5 Questions for the 2020 Australian Grand Prix

Formula 1 is back. Will Mercedes dominate? Are Racing Point best of the rest? And have Williams moved up the order? Here are five questions which we may get the answers to over the 2020 Australian Grand Prix weekend.


Will Mercedes dominate again?

Last year, Mercedes kicked off their season with five 1-2 finishes, paving the way for them to take a sixth consecutive Constructors’ Championship victory by the end of the year. The team will be keen to kick off their 2020 campaign with another flawless result, as they seek an unprecedented seventh consecutive title. The signs so far look promising, with Valtteri Bottas having set the fastest time of pre-season testing. In 2019, it was Bottas who started the year with a victory at the Australian Grand Prix, taking the early championship lead. It was the first time that Mercedes had won at Albert Park since 2016.

How certain is an Australian win for Mercedes this year? Well, on pace, it’s looking good for the reigning champions. But testing showed some reliability issues with the Mercedes engine, with the works team spending extensive periods in the garage, and Mercedes-powered Williams also encountering issues. Furthermore, the innovative DAS (Dual Axis Steering) system on the W11 raised eyebrows in the paddock at testing and if it’s in use this weekend, don’t be surprised to see protests from other teams with the device potentially breaching parc ferme regulations.

Is the Pink Mercedes best of the rest?

Another storm could be brewing in the midfield, as rival teams question the legality of the new Racing Point car, which has an uncanny resemblance to last year’s Mercedes.

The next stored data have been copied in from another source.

lemma virtual_step_sq_dist_le:
  fixes w :: "nat \<Rightarrow> 'a::real_inner" and F :: "nat \<Rightarrow> 'a \<Rightarrow> real" and Gr :: "nat \<Rightarrow> 'a \<Rightarrow> 'a"
  assumes p_nonneg: "\<forall>k<N. p k \<ge> 0" and p_sum: "(\<Sum>k<N. p k) = 1"
    and smooth: "\<forall>k<N. \<forall>v u. F k v \<le> F k u + (v - u) \<bullet> Gr k u + L / 2 * (norm (v - u))\<^sup>2"
    and strongly_convex: "\<forall>k<N. \<forall>v u. F k v \<ge> F k u + (v - u) \<bullet> Gr k u + mu / 2 * (norm (v - u))\<^sup>2"
    and lower: "\<forall>k<N. \<forall>v. Fs k \<le> F k v"
    and minimizer: "\<forall>v. (\<Sum>k<N. p k * F k ws) \<le> (\<Sum>k<N. p k * F k v)"
    and "L > 0" "mu > 0" "eta > 0" "4 * L * eta \<le> 1"
  shows "(norm ((\<Sum>k<N. p k *\<^sub>R w k) - eta *\<^sub>R (\<Sum>k<N. p k *\<^sub>R Gr k (w k)) - ws))\<^sup>2
     \<le> (1 - mu * eta) * (norm ((\<Sum>k<N. p k *\<^sub>R w k) - ws))\<^sup>2
       + 2 * (\<Sum>k<N. p k * (norm ((\<Sum>j<N. p j *\<^sub>R w j) - w k))\<^sup>2)
       + 6 * L * eta\<^sup>2 * ((\<Sum>k<N. p k * F k ws) - (\<Sum>k<N. p k * Fs k))"
proof -
  define wb where "wb = (\<Sum>k<N. p k *\<^sub>R w k)"
  define gb where "gb = (\<Sum>k<N. p k *\<^sub>R Gr k (w k))"
  define a where "a = (norm (wb - ws))\<^sup>2"
  define b where "b = (\<Sum>k<N. p k * (norm (wb - w k))\<^sup>2)"
  define c where "c = (\<Sum>k<N. p k * (norm (Gr k (w k)))\<^sup>2)"
  define d where "d = (\<Sum>k<N. p k * (norm (w k - ws))\<^sup>2)"
  define Fw where "Fw = (\<Sum>k<N. p k * F k (w k))"
  define Fst where "Fst = (\<Sum>k<N. p k * F k ws)"
  define Fsm where "Fsm = (\<Sum>k<N. p k * Fs k)"
  define Y where "Y = (\<Sum>k<N. p k * ((wb - w k) \<bullet> Gr k (w k)))"
  define Z where "Z = (\<Sum>k<N. p k * ((w k - ws) \<bullet> Gr k (w k)))"
  have "(wb - ws) \<bullet> gb = Y + Z"
    by (simp add: Y_def Z_def gb_def inner_sum_right inner_diff_left algebra_simps flip: sum.distrib)
  then have expand: "(norm (wb - eta *\<^sub>R gb - ws))\<^sup>2 = a - 2 * eta * Y - 2 * eta * Z + eta\<^sup>2 * (norm gb)\<^sup>2"
    using norm_diff_sq_expand[of "wb - ws" eta gb] by (simp add: a_def algebra_simps)
  have "- 2 * eta * Y = (\<Sum>k<N. p k * (- 2 * eta * ((wb - w k) \<bullet> Gr k (w k))))"
    by (simp add: Y_def sum_distrib_left algebra_simps)
  also have "\<dots> \<le> (\<Sum>k<N. p k * ((norm (wb - w k))\<^sup>2 + eta\<^sup>2 * (norm (Gr k (w k)))\<^sup>2))"
    by (rule weighted_sum_mono[OF p_nonneg]) (rule young_inner_le)
  also have "\<dots> = b + eta\<^sup>2 * c"
    by (simp add: b_def c_def sum.distrib sum_distrib_left algebra_simps)
  finally have cross: "- 2 * eta * Y \<le> b + eta\<^sup>2 * c" .
  have "2 * eta * (Fw - Fst + mu / 2 * d) \<le> 2 * eta * Z"
    using weighted_strongly_convex_inner_ge[OF p_nonneg strongly_convex, of w ws] \<open>eta > 0\<close>
    by (simp add: Fw_def Fst_def d_def Z_def)
  then have strong: "- 2 * eta * Z \<le> - 2 * eta * (Fw - Fst) - mu * eta * d"
    by (simp add: algebra_simps)
  have gb_le: "(norm gb)\<^sup>2 \<le> c"
    using norm_weighted_mean_sub_sq_le[OF p_nonneg p_sum, of "\<lambda>k. Gr k (w k)" 0] by (simp add: gb_def c_def)
  have a_le: "a \<le> d"
    using norm_weighted_mean_sub_sq_le[OF p_nonneg p_sum, of w ws] by (simp add: a_def d_def wb_def)
  have c_le: "c \<le> 2 * L * (Fw - Fsm)"
    unfolding c_def Fw_def Fsm_def by (rule weighted_grad_norm_sq_le[OF p_nonneg smooth lower \<open>L > 0\<close>])
  have "4 * (eta * L) \<le> 1" "0 < eta * L"
    using \<open>4 * L * eta \<le> 1\<close> \<open>L > 0\<close> \<open>eta > 0\<close> by (simp_all add: ac_simps)
  then have "eta * L \<le> 1"
    by linarith
  moreover have "\<forall>k<N. \<forall>v u. F k v \<ge> F k u + (v - u) \<bullet> Gr k u"
  proof (intro allI impI)
    fix k and v u :: 'a assume "k < N"
    have "0 \<le> mu / 2 * (norm (v - u))\<^sup>2"
      using \<open>mu > 0\<close> by simp
    then show "F k v \<ge> F k u + (v - u) \<bullet> Gr k u"
      using strongly_convex[rule_format, where k=k and v=v and u=u] \<open>k < N\<close> by linarith
  qed
  ultimately have value_gap: "Fst - Fw \<le> eta * L * (Fst - Fsm) + b / (2 * eta)"
    using weighted_value_gap_le[OF p_nonneg smooth _ lower minimizer \<open>L > 0\<close> \<open>eta > 0\<close>]
    by (simp add: Fst_def Fw_def Fsm_def b_def wb_def)
  have gap_nonneg: "Fsm \<le> Fst"
    unfolding Fsm_def Fst_def using lower by (intro weighted_sum_mono[OF p_nonneg]) auto
  have b_nonneg: "b \<ge> 0"
    unfolding b_def using p_nonneg by (intro sum_nonneg) auto
  have step_nonneg: "2 * eta - 4 * L * eta\<^sup>2 \<ge> 0"
    using \<open>eta > 0\<close> \<open>4 * L * eta \<le> 1\<close> by (simp add: power2_eq_square mult_left_le)
  have "(norm (wb - eta *\<^sub>R gb - ws))\<^sup>2 \<le> (1 - mu * eta) * a + b + 4 * L * eta\<^sup>2 * (Fw - Fsm) + 2 * eta * (Fst - Fw)"
  proof -
    have "eta\<^sup>2 * (norm gb)\<^sup>2 \<le> eta\<^sup>2 * c" "mu * eta * a \<le> mu * eta * d"
      "2 * eta\<^sup>2 * c \<le> 2 * eta\<^sup>2 * (2 * L * (Fw - Fsm))"
      using gb_le a_le c_le \<open>mu > 0\<close> \<open>eta > 0\<close> by (simp_all add: mult_left_mono)
    then show ?thesis
      using expand cross strong by (simp add: algebra_simps)
  qed
  also have "\<dots> = (1 - mu * eta) * a + b + (2 * eta - 4 * L * eta\<^sup>2) * (Fst - Fw) + 4 * L * eta\<^sup>2 * (Fst - Fsm)"
    by (simp add: algebra_simps)
  also have "\<dots> \<le> (1 - mu * eta) * a + b + (2 * eta - 4 * L * eta\<^sup>2) * (eta * L * (Fst - Fsm) + b / (2 * eta))
      + 4 * L * eta\<^sup>2 * (Fst - Fsm)"
    using value_gap step_nonneg by (simp add: mult_left_mono)
  also have "\<dots> \<le> (1 - mu * eta) * a + 2 * b + 6 * L * eta\<^sup>2 * (Fst - Fsm)"
  proof -
    have "(2 * eta - 4 * L * eta\<^sup>2) * (eta * L * (Fst - Fsm) + b / (2 * eta))
        = 2 * L * eta\<^sup>2 * (Fst - Fsm) + b - 4 * L\<^sup>2 * eta ^ 3 * (Fst - Fsm) - 2 * L * eta * b"
      using \<open>eta > 0\<close> by (simp add: field_simps power2_eq_square power3_eq_cube)
    moreover have "4 * L\<^sup>2 * eta ^ 3 * (Fst - Fsm) \<ge> 0" "2 * L * eta * b \<ge> 0"
      using \<open>L > 0\<close> \<open>eta > 0\<close> gap_nonneg b_nonneg by auto
    ultimately show ?thesis
      by (simp add: algebra_simps)
  qed
  finally show ?thesis
    by (simp add: wb_def gb_def a_def b_def Fst_def Fsm_def)
qed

Jokingly referred to as the “Pink Mercedes” in pre-season testing, the RP20 appears to have good pace, with both Sergio Perez and Lance Stroll regularly setting one of the top three times of the day. Just how good the Racing Point car is has been a taxing question in recent weeks. Is it the best of the rest? Were other midfield teams sandbagging? Could it even be a Ferrari-beater? We should have a clearer picture when the chequered flag falls in qualifying.

Are Ferrari in trouble?

Ferrari were in the news after pre-season testing for two unwanted reasons. First, the confidential settlement reached between the team and the FIA over the legality of their 2019 engine led to seven teams outlining their “strong objection” in a letter to the governing body. Second, Ferrari’s lacklustre performance in pre-season testing has many questioning if the Italian team will struggle to find a decent result in 2020.

It has now been twelve years since Ferrari’s last championship win and the talk from Maranello over the winter has not filled the tifosi with hope that their wait for title glory will end in 2020. Sebastian Vettel’s future with the team, and Charles Leclerc’s performance against the four-time World Champion, look set to be bigger talking points over the course of the season.



Have Williams made a step forward?

Plenty of fans will be hoping that Williams are able to move up the order in 2020. George Russell still expects Williams to have the slowest car, but is hopeful that the team will be closer to the back of the field than their woeful performances in 2019. Nicholas Latifi joins the Brit at the team in 2020, making the Australian Grand Prix the first race in over fifty years to feature two Canadians on the grid. Russell was 2.317 seconds off the pace in Q1 in Australia last year – will Williams be able to close that gap this weekend?

When will the next race be?

In the lead up to the start of the season, many of the headlines have been about the context in which the season will take place rather than the racing itself.

The outbreak of coronavirus has already caused the postponement of the 2020 Chinese Grand Prix, and next week’s Bahrain Grand Prix will take place behind closed doors. After that is anyone’s guess. Travel restrictions and the Italian lockdown are making future races look less and less likely, with the situation developing on a daily basis. Hopefully we will get a full 22-race championship in 2020, but the threat to future events gives us even more reason to savour the 2020 Australian Grand Prix.